MemPalace stores conversations verbatim. Complete. No compression at the storage layer. Then it retrieves them semantically using ChromaDB, so when you ask “did we already run a price increase this quarter?” it’s searching actual conversation records, not a lossy summary of them.
The memory palace metaphor
The project is named after the ancient mnemonic technique — the method of loci — and the architecture maps to it in a way that’s actually useful rather than just decorative.
Memory is organized into:
- Wings: people or projects — so your Sales team’s interactions live separately from your Finance team’s
- Rooms: topic areas within a wing (renewals, pricing changes, new subscriptions)
- Halls: memory types that exist consistently across wings — facts, events, discoveries, decisions
- Tunnels: cross-references that connect related memories across different wings
For a RevOps context, this maps surprisingly well. A “renewal” room in the Sales wing would hold the history of all the renewal-related actions and conversations from that team. A “price increase” event in the Halls would record when it happened, who triggered it, and what the outcome was — and be queryable from any context.
The knowledge graph layer underneath it stores temporal relationships: who worked on what, when decisions were made, and crucially, whether a given fact is still valid. That last part matters for billing. “We applied a 5% increase in March” is a fact with a validity window. It happened. It shouldn’t happen again unless someone explicitly decides otherwise.
What this means for our agent
We’re not planning to just drop MemPalace into our stack tomorrow — but the design thinking here is directly relevant to where we’re going.
The pattern we’re moving toward is something like:
- Skill files for how the agent does things (already working well)

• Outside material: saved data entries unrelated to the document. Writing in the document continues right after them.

lemma right_slope_gt_imp_small_cball:
  fixes F :: "real \<Rightarrow> real"
  assumes freq: "\<exists>\<^sub>F h in at_right 0. (F (x + h) - F x) / h > q"
    and U: "open U" "x \<in> U" and d: "0 < d"
  shows "\<exists>c r. 0 < r \<and> r < d \<and> x \<in> cball c r \<and> cball c r \<subseteq> U \<and> q * (2 * r) \<le> F (c + r) - F (c - r)"
proof -
  obtain e where e: "e > 0" "ball x e \<subseteq> U" using U by (meson openE)
  have "\<forall>\<^sub>F h in at_right (0::real). h \<in> {0<..<min e (2 * d)}"
    using e d by (intro eventually_at_right_real) auto
  with freq obtain h where h: "(F (x + h) - F x) / h > q" "h \<in> {0<..<min e (2 * d)}"
    using frequently_eventually_conj frequently_ex by blast
  have "q * h \<le> F (x + h) - F x" using h by (auto simp: field_simps)
  moreover have "cball (x + h/2) (h/2) \<subseteq> ball x e"
    using h by (auto simp: cball_eq_atLeastAtMost ball_eq_greaterThanLessThan)
  ultimately show ?thesis
    using h e by (intro conjI exI[of _ "x + h/2", OF exI[of _ "h/2"]]) (auto simp: cball_eq_atLeastAtMost add.commute)
qed

lemma Vitali_covering_cballs_disjoint_family:
  fixes S :: "'a::euclidean_space set"
  assumes "\<And>x d. x \<in> S \<Longrightarrow> 0 < d \<Longrightarrow> \<exists>c r. 0 < r \<and> r < d \<and> x \<in> cball c r \<and> P c r"
  obtains C where "countable C" "\<And>c r. (c, r) \<in> C \<Longrightarrow> 0 < r \<and> P c r"
    "disjoint_family_on (\<lambda>(c, r). cball c r) C" "negligible (S - (\<Union>(c, r)\<in>C. cball c r))"
proof -
  let ?K = "{(c, r). 0 < r \<and> P c r}"
  obtain C where C: "countable C" "C \<subseteq> ?K"
      "pairwise (\<lambda>i j. disjnt (cball (fst i) (snd i)) (cball (fst j) (snd j))) C"
      "negligible (S - (\<Union>i\<in>C. cball (fst i) (snd i)))"
    by (rule Vitali_covering_theorem_cballs[of ?K snd S fst]) (use assms in fastforce)+
  show ?thesis
    by (rule that[OF C(1)]) (use C(2-4) in \<open>auto simp: disjoint_family_on_def pairwise_def disjnt_def split_beta\<close>)
qed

- Action logs for what the agent has done — timestamped, structured, queryable
- A retrieval layer that surfaces relevant history before the agent takes any significant action
That third piece is what MemPalace is solving at the general level. Before the agent upgrades a subscription, it should check whether a similar upgrade was recently processed. Before it sends a quote, it should know whether a quote was already sent last week and what happened to it. Before it runs a bulk operation, it should flag if that operation has a recent history.
The wake-up context idea in MemPalace is also interesting for us — the idea that an agent can be initialized with a small, dense summary (~170 tokens) of the most critical recent facts, before it starts reaching for full conversation history. That’s a practical nod to the token cost reality: you can’t load everything, but you can load a smart summary and then fetch specifics on demand.
Memory is what makes agents trustworthy
The thing that makes an AI agent genuinely useful in a RevOps context isn’t raw capability. Generating quotes, creating subscriptions, running bulk operations — those are solvable engineering problems and we’ve largely solved them.
What makes an agent trustworthy — the kind of thing a RevOps manager will actually rely on rather than just demo — is knowing that it understands its own history. That it won’t repeat a task that’s already been done. That it can explain why something happened. That if you ask it “did we send notices about the Q1 price change?” it can tell you yes, when, to which accounts, and what the response rate was.
That’s a memory problem. And it’s the right problem to be thinking hard about right now, before agents with real write access to billing systems become the norm rather than the experiment.
MemPalace is a good sign that the open-source community is thinking about it seriously. We’ll be paying close attention.